Russia is displaying a high level of immunity to diplomatic slaps on the wrist. It wields veto power in the United Nations Security Council, and at the moment all major Western military forces are mired in Afghanistan and Iraq.
Moscow has already said it no longer cares about its bid to join the World Trade Organisation, nor is it concerned about threats to take the 2014 Winter Olympics away from the Russian city of Sochi, just north of Abkhazia. "Russia doesn’t care about respectability," says Rondeli. "Russia only cares about respect and fear." Russia also controls about 40 per cent of Europe’s oil and gas supplies, giving it major economic leverage and fuelling both its income and national pride with record-high energy prices.
At the same time, some analysts — such as the ICG’s Sheets — warn against alarmism, suggesting that Russia’s actions are prone to over-interpretation. Of the anxious response by some former Soviet states, he says: "It’s psychological scar tissue after being part of the Soviet Union for so long."

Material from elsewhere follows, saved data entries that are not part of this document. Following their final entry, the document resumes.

(* For every $k\ge0$, every $n$-vertex graph of clique-width at most $k$ has a partial orientation $\vec{H}$ of maximum outdegree $O(k\log n)$ that is a weak $\infty$-guidance system.
   Context: All graphs are finite, simple and undirected. A partial orientation of $G$ is a directed graph $\vec{H}$ on $V(G)$ with every $(u,v)\in E(\vec{H})$ satisfying $uv\in E(G)$. $B_{\vec{H}}(v,a)$ is the set of vertices reachable from $v$ by a directed path of length at most $a$. A weak $r$-guidance system is a partial orientation $\vec{H}$ such that for any distinct $u,v$ at distance $\ell\le r$ in $G$ there exist non-negative integers $a,b$ with $a+b=\ell-1$ such that $G$ has an edge between $B_{\vec{H}}(u,a)$ and $B_{\vec{H}}(v,b)$; a weak $\infty$-guidance system is one that is a weak $r$-guidance system for every positive integer $r$. A $k$-labeled graph is a graph with each vertex labeled from $[k]$. Constructible $k$-labeled graphs are the smallest family containing all one-vertex $k$-labeled graphs and closed under disjoint unions, relabeling all vertices of label $i$ to label $j$, and adding all edges between vertices of labels $i$ and $j$. A graph has clique-width at most $k$ if its vertices can be labeled so that the resulting $k$-labeled graph is constructible. The $O(\cdot)$ hides an absolute constant. *)

theory Defs
  imports Main "HOL-Library.Disjoint_Sets" Complex_Main
begin

definition simple_graph :: "'a set \<Rightarrow> ('a \<times> 'a) set \<Rightarrow> bool" where
  "simple_graph V E \<longleftrightarrow> finite V \<and> E \<subseteq> V \<times> V \<and> sym E \<and> irrefl E"

definition partial_orientation :: "('a \<times> 'a) set \<Rightarrow> ('a \<times> 'a) set \<Rightarrow> bool" where
  "partial_orientation E H \<longleftrightarrow> H \<subseteq> E"

definition outdeg :: "('a \<times> 'a) set \<Rightarrow> 'a \<Rightarrow> nat" where
  "outdeg H u = card {v. (u, v) \<in> H}"

definition out_ball :: "('a \<times> 'a) set \<Rightarrow> 'a \<Rightarrow> nat \<Rightarrow> 'a set" where
  "out_ball H v a = {w. \<exists>i\<le>a. (v, w) \<in> H ^^ i}"

definition at_dist :: "('a \<times> 'a) set \<Rightarrow> 'a \<Rightarrow> 'a \<Rightarrow> nat \<Rightarrow> bool" where
  "at_dist E u v l \<longleftrightarrow> (u, v) \<in> E ^^ l \<and> (\<forall>m<l. (u, v) \<notin> E ^^ m)"

definition weak_guidance :: "'a set \<Rightarrow> ('a \<times> 'a) set \<Rightarrow> nat \<Rightarrow> ('a \<times> 'a) set \<Rightarrow> bool" where
  "weak_guidance V E r H \<longleftrightarrow> partial_orientation E H \<and>
     (\<forall>u\<in>V. \<forall>v\<in>V. \<forall>l. u \<noteq> v \<and> at_dist E u v l \<and> l \<le> r \<longrightarrow>
        (\<exists>a b. a + b = l - 1 \<and>
           (\<exists>x\<in>out_ball H u a. \<exists>y\<in>out_ball H v b. (x, y) \<in> E)))"

definition weak_inf_guidance :: "'a set \<Rightarrow> ('a \<times> 'a) set \<Rightarrow> ('a \<times> 'a) set \<Rightarrow> bool" where
  "weak_inf_guidance V E H \<longleftrightarrow> (\<forall>r::nat. r \<ge> 1 \<longrightarrow> weak_guidance V E r H)"

text \<open>Constructible k-labeled graphs (V, E, lab), labels in {1..k};
  only the values of lab on V are relevant.\<close>
inductive cw_constructible :: "nat \<Rightarrow> 'a set \<Rightarrow> ('a \<times> 'a) set \<Rightarrow> ('a \<Rightarrow> nat) \<Rightarrow> bool"
  for k :: nat where
  single: "lab x \<in> {1..k} \<Longrightarrow> cw_constructible k {x} {} lab"
| union: "\<lbrakk>cw_constructible k V1 E1 lab1; cw_constructible k V2 E2 lab2; V1 \<inter> V2 = {}\<rbrakk>
     \<Longrightarrow> cw_constructible k (V1 \<union> V2) (E1 \<union> E2) (\<lambda>x. if x \<in> V1 then lab1 x else lab2 x)"
| relabel: "\<lbrakk>cw_constructible k V E lab; i \<in> {1..k}; j \<in> {1..k}\<rbrakk>
     \<Longrightarrow> cw_constructible k V E (\<lambda>x. if lab x = i then j else lab x)"
| join: "\<lbrakk>cw_constructible k V E lab; i \<in> {1..k}; j \<in> {1..k}; i \<noteq> j\<rbrakk>
     \<Longrightarrow> cw_constructible k V
          (E \<union> {(x, y). x \<in> V \<and> y \<in> V \<and>
                 ((lab x = i \<and> lab y = j) \<or> (lab x = j \<and> lab y = i))}) lab"

definition cw_at_most :: "nat \<Rightarrow> 'a set \<Rightarrow> ('a \<times> 'a) set \<Rightarrow> bool" where
  "cw_at_most k V E \<longleftrightarrow> (\<exists>lab. cw_constructible k V E lab)"

end

theory Submission
  imports Defs
begin

(* A clique-width expression of width k provides a family of vertex sets X (the vertex sets
   of its subexpressions) such that every X falls into at most k classes of twins with respect
   to the rest of the graph, and every vertex set W is split in a balanced way by some X:
   between a third and two thirds of W lies in X.  Split W accordingly, recurse on both
   sides, and for every twin class C of W \<inter> X add a BFS forest towards C and one towards the
   common neighbours of C outside X.  A walk from u to v inside W either stays on one side,
   where the recursion applies, or uses an edge xy from the class C of x to the outside;
   then y is a common neighbour of C, the forests lead from u into C and from v to the
   common neighbours of C within the lengths of the two parts of the walk, and the two
   endpoints reached are adjacent.  Each level adds out-degree at most 2k, and there are at
   most log_{3/2} n levels. *)

lemma relpow_sym:
  assumes "sym R" "(x, y) \<in> R ^^ n"
  shows "(y, x) \<in> R ^^ n"
  using assms(2)
proof (induction n arbitrary: y)
  case 0
  then show ?case by simp
next
  case (Suc n)
  then obtain z where "(x, z) \<in> R ^^ n" "(z, y) \<in> R" by auto
  with Suc.IH show ?case by (meson assms(1) relpow_Suc_I2 symD)
qed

At this point, about a dozen US-led NATO naval vessels have moved into the Black Sea. They are helping deliver water, tents, medicine and food to war victims and at the same time show some level of force to Russia, analysts say. For its part, the Russian Black Sea fleet led by the cruiser Moskva is more active than normal.
According to US-based think-tank Stratfor.com, "The West, which has consistently backed the idea of Georgia’s territorial integrity, broadly condemned the [independence]move, but has taken no action beyond rhetoric. Nor is it likely to in the short term. The West could deploy naval forces that can outmaneuver and box in Russia as a whole, but that requires time and political will.
"In the meantime, Russia has forces on the ground in the two territories and loads more nearby. The West doesn’t. The Russians clearly are the ones determining the reality on the ground, and that — for now — is that."